» Directions
Each line that contains "partial" needs to be copied from the listing.
--- Dataset Enclosed Below ---
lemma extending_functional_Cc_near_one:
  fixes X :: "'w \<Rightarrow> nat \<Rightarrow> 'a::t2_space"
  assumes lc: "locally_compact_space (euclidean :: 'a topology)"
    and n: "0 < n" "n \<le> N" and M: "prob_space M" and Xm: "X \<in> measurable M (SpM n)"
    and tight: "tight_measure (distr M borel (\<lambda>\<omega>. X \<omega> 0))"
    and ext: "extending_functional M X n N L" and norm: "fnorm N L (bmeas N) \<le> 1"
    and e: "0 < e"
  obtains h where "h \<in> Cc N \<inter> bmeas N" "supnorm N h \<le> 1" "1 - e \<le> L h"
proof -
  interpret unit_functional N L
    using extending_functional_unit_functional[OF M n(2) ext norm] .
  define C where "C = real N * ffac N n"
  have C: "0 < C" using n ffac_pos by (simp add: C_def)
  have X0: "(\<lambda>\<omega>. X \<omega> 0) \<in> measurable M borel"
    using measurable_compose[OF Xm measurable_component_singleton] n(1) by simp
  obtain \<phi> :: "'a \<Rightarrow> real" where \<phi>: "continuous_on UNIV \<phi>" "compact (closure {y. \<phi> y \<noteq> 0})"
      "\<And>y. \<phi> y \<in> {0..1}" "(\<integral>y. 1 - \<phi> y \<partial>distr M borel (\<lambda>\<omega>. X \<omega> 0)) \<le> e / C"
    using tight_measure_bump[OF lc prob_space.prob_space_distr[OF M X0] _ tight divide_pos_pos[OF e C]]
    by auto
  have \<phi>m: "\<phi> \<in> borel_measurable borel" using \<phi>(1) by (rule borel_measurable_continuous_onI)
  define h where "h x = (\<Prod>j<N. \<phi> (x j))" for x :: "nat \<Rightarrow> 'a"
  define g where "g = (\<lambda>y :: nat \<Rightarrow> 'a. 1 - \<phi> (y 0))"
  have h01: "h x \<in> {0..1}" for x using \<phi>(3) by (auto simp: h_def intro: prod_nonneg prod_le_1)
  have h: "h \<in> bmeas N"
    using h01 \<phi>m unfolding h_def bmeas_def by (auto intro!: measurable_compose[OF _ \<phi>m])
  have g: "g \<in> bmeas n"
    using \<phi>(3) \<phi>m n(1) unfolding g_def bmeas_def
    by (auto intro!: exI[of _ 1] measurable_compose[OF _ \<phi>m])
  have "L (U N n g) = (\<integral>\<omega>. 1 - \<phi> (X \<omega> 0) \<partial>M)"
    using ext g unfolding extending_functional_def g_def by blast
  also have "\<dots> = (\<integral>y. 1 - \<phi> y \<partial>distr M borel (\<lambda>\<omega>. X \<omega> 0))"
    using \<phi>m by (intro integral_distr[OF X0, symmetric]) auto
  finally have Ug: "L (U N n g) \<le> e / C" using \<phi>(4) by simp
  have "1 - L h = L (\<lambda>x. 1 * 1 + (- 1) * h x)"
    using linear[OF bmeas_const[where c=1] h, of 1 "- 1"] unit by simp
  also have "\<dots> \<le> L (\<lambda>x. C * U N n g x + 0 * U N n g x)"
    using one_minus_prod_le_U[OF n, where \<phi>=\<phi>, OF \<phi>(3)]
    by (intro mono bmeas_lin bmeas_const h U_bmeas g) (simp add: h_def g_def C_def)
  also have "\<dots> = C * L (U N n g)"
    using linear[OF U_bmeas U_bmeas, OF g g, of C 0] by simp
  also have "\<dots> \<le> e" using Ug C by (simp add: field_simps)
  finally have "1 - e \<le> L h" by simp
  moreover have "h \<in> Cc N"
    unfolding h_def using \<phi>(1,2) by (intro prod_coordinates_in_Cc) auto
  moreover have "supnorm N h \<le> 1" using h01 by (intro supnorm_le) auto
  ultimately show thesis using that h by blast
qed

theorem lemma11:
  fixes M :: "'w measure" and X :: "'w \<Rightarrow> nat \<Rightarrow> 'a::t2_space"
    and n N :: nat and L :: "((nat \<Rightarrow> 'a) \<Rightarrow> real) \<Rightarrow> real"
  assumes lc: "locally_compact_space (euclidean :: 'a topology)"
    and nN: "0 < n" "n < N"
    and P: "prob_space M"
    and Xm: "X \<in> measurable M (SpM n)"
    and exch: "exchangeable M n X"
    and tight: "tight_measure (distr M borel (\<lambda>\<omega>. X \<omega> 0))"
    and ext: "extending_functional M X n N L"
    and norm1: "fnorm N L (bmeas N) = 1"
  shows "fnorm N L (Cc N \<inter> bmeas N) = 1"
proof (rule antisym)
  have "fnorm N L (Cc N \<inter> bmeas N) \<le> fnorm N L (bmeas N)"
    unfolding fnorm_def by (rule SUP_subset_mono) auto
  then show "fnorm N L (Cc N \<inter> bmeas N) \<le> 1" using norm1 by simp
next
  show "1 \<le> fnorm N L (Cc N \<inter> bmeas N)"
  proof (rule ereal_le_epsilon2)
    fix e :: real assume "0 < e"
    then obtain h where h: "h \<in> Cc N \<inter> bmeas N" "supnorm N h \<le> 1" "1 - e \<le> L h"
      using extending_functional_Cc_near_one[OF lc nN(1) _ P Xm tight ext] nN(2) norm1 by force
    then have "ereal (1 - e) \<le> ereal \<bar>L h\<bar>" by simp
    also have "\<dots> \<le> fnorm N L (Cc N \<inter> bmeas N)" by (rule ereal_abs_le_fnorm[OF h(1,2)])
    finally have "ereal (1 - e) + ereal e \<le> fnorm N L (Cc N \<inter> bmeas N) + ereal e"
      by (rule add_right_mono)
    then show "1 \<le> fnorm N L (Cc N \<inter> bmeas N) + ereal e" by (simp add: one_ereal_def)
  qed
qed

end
--- End of Enclosed Dataset ---
--- Dataset Enclosed Below ---
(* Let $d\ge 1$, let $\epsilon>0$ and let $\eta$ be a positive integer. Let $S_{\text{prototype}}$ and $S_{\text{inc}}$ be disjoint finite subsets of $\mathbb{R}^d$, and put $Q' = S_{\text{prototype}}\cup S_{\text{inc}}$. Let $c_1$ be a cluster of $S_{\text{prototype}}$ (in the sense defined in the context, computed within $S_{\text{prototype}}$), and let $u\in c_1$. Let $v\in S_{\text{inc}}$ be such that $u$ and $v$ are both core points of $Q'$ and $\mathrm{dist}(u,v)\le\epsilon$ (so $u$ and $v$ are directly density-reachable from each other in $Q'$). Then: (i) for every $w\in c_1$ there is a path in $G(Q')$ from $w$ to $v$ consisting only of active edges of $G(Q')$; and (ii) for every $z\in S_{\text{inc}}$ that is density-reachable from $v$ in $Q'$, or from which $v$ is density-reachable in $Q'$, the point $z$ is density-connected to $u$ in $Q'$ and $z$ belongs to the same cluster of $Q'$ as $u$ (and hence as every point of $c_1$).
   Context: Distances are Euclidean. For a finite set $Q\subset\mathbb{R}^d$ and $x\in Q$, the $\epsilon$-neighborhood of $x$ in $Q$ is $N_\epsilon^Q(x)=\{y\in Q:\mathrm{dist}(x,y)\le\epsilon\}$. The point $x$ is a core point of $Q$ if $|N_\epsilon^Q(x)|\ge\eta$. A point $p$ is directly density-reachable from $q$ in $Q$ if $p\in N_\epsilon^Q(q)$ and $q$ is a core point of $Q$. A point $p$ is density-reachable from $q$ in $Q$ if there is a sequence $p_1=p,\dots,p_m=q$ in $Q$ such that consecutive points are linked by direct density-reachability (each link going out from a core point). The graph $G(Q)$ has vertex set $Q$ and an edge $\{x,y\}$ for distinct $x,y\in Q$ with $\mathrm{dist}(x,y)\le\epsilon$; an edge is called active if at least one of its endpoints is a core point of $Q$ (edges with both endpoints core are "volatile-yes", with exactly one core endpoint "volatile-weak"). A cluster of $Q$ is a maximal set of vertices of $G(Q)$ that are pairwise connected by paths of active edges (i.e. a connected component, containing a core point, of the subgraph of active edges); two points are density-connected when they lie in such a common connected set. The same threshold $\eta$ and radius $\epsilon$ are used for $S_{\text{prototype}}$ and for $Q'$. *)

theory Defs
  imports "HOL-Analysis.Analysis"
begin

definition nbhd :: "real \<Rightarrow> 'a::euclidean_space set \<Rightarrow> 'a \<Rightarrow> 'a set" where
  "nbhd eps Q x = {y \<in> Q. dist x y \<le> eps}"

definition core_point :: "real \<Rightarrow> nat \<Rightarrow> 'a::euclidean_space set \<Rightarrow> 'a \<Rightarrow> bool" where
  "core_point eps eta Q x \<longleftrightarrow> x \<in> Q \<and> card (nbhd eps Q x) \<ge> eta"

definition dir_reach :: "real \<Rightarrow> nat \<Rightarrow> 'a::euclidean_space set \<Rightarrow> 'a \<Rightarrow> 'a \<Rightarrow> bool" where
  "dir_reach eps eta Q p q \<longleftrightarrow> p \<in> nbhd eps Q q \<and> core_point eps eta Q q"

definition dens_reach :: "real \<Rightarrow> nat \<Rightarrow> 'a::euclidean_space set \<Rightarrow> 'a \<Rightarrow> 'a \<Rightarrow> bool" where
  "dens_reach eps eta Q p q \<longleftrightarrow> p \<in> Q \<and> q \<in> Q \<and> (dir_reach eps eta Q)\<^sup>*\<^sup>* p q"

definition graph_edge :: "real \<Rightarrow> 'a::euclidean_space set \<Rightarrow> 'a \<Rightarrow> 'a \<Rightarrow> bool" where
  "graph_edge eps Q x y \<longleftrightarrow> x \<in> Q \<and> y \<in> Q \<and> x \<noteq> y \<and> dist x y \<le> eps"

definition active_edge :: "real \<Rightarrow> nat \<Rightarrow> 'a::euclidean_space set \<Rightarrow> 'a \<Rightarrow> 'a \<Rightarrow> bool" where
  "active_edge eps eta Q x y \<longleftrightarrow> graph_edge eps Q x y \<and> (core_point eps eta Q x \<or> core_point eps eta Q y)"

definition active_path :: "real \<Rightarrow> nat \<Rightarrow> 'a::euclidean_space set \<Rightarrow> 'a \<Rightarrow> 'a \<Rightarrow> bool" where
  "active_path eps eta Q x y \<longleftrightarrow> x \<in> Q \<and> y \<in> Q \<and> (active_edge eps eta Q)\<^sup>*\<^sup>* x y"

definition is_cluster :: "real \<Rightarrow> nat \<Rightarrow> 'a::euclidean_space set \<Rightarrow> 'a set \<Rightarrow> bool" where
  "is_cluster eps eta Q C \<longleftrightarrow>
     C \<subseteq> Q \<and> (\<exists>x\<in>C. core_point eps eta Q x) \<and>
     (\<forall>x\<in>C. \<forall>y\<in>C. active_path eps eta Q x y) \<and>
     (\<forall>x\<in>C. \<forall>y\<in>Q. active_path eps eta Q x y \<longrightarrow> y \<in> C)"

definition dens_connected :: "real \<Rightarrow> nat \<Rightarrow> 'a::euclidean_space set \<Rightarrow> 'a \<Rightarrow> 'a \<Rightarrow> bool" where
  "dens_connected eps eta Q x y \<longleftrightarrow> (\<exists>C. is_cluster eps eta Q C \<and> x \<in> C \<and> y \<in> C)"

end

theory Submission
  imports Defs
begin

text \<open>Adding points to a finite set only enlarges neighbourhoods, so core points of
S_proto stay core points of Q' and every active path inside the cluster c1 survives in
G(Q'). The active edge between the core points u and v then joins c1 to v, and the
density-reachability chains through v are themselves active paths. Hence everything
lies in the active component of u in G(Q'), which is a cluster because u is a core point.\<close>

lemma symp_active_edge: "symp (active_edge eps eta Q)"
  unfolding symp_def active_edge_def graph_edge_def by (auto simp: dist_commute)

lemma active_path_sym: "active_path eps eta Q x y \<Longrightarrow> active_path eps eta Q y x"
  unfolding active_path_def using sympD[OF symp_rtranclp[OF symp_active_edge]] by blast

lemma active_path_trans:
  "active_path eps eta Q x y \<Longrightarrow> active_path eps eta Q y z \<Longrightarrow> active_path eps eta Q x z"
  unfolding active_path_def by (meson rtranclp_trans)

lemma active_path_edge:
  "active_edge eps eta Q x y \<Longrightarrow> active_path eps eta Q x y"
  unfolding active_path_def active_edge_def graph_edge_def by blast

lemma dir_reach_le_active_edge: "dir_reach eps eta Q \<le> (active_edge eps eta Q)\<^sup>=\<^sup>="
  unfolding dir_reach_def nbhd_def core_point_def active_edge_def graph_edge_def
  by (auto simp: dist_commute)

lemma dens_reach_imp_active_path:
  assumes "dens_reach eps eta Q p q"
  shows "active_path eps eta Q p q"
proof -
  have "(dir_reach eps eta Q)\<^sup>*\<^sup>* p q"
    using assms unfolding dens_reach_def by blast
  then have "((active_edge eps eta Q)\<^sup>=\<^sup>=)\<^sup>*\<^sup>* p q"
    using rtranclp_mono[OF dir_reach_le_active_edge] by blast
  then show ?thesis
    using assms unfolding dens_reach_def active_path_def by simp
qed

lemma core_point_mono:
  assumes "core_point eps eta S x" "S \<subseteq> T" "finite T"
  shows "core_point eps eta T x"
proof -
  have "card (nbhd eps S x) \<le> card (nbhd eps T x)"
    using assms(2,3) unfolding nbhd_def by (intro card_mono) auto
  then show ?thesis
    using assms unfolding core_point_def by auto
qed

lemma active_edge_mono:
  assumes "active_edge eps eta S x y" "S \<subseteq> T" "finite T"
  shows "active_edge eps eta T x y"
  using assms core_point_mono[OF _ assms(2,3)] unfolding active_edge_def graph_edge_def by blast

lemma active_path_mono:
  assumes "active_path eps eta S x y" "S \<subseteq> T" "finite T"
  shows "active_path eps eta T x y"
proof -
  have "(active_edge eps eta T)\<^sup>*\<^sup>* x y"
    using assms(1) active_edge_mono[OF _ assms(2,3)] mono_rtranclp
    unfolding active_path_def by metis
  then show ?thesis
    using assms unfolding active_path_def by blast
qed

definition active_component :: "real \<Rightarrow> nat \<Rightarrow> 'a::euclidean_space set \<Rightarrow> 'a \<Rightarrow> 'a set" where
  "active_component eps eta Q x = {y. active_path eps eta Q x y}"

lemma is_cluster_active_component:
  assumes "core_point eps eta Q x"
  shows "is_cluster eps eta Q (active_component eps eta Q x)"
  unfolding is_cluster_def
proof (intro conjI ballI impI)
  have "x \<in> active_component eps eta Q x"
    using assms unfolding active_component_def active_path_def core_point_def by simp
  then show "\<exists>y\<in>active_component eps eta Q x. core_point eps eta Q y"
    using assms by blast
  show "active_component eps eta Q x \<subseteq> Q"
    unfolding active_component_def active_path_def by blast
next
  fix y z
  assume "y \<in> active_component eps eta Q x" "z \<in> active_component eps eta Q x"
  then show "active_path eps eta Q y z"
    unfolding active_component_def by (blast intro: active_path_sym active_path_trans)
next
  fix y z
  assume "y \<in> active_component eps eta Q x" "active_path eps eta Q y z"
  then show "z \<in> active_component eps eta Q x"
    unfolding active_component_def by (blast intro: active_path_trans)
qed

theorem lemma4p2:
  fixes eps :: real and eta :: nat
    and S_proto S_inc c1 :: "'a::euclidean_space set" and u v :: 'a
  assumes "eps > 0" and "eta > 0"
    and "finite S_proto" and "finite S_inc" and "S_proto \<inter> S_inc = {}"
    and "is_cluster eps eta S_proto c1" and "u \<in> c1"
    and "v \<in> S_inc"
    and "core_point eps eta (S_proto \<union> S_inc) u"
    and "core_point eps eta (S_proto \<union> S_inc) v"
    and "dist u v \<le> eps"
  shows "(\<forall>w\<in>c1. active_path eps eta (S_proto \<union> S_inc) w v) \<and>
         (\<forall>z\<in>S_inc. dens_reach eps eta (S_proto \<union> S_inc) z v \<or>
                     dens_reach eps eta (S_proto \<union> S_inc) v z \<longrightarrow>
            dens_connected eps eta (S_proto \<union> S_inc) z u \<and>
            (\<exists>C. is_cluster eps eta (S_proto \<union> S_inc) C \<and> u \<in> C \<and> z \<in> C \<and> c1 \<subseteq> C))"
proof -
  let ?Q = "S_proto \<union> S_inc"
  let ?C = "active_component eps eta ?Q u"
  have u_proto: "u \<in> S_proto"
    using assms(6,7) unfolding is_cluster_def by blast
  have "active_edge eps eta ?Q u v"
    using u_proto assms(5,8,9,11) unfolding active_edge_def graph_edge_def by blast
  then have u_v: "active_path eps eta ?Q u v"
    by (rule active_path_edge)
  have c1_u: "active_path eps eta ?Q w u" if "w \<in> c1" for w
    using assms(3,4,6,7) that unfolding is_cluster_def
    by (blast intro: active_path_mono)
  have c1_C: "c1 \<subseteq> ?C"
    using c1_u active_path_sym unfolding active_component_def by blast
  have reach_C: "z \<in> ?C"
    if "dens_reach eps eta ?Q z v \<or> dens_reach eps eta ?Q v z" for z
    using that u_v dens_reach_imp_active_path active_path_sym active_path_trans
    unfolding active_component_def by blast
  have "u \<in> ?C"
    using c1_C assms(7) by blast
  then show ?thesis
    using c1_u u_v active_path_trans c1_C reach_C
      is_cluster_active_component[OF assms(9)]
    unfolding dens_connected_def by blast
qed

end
--- End of Enclosed Dataset ---
--- Dataset Enclosed Below ---
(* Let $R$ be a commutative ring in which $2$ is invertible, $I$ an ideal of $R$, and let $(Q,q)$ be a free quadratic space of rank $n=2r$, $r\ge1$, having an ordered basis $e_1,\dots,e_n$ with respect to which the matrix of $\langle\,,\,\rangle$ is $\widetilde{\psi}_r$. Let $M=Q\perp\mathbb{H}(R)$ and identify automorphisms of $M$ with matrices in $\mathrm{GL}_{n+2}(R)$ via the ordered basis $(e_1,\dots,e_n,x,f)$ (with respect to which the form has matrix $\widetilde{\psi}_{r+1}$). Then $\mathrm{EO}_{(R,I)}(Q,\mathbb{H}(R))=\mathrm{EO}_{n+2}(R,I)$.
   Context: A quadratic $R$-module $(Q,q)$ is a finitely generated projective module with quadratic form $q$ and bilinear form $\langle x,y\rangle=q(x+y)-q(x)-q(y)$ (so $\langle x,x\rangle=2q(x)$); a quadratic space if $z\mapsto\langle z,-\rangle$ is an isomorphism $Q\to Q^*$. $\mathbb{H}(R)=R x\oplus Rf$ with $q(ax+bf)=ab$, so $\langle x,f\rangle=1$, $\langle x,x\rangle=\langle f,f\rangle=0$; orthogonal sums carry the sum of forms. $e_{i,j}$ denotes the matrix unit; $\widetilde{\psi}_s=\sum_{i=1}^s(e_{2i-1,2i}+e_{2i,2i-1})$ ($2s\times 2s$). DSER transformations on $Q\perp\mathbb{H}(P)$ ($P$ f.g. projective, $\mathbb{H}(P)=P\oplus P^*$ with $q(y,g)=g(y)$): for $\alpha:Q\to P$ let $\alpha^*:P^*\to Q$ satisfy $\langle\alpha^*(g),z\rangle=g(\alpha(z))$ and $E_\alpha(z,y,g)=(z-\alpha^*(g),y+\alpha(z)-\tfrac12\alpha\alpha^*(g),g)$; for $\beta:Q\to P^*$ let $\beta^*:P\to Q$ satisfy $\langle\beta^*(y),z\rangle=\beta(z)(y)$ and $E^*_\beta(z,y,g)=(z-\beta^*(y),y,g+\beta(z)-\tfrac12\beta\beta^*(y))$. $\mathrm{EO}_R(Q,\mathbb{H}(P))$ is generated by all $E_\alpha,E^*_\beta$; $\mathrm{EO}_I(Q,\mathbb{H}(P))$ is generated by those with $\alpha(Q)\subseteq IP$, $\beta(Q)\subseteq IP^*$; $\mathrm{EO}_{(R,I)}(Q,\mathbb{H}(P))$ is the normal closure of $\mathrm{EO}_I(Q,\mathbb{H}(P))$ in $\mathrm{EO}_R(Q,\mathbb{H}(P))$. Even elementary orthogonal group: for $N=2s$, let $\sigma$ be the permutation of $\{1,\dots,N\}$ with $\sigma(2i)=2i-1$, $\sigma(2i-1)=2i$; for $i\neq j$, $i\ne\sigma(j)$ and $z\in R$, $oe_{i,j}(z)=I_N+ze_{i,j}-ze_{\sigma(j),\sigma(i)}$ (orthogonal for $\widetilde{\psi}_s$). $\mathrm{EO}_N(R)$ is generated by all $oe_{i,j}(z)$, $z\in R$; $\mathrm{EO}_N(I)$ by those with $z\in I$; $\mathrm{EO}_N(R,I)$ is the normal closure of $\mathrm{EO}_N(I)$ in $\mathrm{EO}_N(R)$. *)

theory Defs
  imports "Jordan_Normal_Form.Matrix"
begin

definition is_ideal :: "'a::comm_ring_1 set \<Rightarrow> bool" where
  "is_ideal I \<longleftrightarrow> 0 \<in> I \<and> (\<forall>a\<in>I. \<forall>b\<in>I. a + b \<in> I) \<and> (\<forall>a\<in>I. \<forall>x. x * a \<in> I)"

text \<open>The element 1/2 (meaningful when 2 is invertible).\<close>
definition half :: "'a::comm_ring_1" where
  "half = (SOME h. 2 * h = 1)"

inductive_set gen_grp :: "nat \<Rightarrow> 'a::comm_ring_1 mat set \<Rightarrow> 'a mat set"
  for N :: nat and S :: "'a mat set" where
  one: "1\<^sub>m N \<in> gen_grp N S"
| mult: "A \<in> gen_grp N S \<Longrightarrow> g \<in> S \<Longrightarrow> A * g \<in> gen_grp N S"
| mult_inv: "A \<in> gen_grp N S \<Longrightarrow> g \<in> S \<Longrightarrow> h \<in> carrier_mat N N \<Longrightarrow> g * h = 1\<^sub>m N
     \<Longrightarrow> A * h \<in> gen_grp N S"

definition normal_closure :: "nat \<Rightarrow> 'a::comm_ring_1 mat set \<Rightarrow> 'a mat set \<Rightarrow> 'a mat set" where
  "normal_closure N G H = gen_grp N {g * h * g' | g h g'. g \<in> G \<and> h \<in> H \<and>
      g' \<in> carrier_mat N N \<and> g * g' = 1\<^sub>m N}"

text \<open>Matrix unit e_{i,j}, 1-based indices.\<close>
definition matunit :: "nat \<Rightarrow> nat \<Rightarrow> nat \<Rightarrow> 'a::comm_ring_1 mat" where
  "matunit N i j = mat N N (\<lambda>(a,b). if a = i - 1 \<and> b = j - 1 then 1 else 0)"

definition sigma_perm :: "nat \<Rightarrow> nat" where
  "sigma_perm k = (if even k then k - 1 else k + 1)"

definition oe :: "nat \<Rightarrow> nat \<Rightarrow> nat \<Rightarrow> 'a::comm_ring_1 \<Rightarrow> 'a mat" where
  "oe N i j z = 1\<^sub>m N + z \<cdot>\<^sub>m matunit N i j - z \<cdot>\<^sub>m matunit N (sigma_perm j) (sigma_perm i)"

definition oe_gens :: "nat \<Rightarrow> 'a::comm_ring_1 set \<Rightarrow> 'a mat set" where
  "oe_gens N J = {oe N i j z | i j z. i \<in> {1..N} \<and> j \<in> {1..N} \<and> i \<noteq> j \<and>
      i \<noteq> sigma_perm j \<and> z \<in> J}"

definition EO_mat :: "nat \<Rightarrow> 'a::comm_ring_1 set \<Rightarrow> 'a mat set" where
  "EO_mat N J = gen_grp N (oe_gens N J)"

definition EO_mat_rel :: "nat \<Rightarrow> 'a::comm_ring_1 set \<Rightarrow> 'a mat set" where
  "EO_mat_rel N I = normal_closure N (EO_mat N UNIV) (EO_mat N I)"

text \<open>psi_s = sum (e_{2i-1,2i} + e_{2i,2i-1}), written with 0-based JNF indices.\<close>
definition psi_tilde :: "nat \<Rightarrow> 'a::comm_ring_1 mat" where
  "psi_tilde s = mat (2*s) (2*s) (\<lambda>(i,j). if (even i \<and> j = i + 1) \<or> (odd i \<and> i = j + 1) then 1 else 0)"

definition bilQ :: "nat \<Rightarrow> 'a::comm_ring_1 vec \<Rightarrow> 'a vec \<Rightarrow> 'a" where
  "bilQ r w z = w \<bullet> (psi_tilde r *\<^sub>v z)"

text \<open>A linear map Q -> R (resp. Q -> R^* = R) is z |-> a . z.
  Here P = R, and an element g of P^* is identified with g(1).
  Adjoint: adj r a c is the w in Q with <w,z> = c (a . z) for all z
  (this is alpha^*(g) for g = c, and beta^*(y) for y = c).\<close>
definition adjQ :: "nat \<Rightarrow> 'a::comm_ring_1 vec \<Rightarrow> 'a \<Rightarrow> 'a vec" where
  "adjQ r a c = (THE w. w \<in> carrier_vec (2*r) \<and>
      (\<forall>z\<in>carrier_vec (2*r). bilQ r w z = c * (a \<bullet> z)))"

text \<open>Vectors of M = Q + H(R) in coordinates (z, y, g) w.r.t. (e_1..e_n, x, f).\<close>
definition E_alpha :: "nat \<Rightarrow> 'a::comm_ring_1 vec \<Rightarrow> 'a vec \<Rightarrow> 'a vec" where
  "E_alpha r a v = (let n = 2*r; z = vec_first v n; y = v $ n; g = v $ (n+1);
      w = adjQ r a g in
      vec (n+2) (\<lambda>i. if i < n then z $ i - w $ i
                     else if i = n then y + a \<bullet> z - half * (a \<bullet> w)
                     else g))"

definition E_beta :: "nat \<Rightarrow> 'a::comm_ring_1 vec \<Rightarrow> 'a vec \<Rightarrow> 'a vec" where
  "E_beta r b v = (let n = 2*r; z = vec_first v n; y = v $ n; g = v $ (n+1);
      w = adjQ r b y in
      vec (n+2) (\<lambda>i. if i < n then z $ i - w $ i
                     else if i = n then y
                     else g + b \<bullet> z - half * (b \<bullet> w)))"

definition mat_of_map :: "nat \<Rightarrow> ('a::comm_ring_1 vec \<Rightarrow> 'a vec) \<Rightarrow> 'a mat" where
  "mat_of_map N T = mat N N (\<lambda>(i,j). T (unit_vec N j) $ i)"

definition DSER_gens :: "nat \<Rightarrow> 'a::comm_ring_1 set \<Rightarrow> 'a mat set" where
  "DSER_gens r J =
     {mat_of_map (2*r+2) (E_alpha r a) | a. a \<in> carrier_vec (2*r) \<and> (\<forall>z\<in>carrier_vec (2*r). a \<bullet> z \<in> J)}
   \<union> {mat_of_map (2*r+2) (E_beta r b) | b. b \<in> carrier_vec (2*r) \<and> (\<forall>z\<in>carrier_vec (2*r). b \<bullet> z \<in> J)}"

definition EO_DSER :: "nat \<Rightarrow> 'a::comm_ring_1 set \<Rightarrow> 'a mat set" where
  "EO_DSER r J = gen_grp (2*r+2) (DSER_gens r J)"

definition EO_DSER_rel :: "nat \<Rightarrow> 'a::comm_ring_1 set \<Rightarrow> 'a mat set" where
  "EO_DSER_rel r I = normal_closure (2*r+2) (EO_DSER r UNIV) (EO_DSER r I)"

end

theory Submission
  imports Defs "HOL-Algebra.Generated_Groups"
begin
--- End of Enclosed Dataset ---
» Answer to the problem
      "\<And>y. \<phi> y \<in> {0..1}" "(\<integral>y. 1 - \<phi> y \<partial>distr M borel (\<lambda>\<omega>. X \<omega> 0)) \<le> e / C"
  have "L (U N n g) = (\<integral>\<omega>. 1 - \<phi> (X \<omega> 0) \<partial>M)"
  also have "\<dots> = (\<integral>y. 1 - \<phi> y \<partial>distr M borel (\<lambda>\<omega>. X \<omega> 0))"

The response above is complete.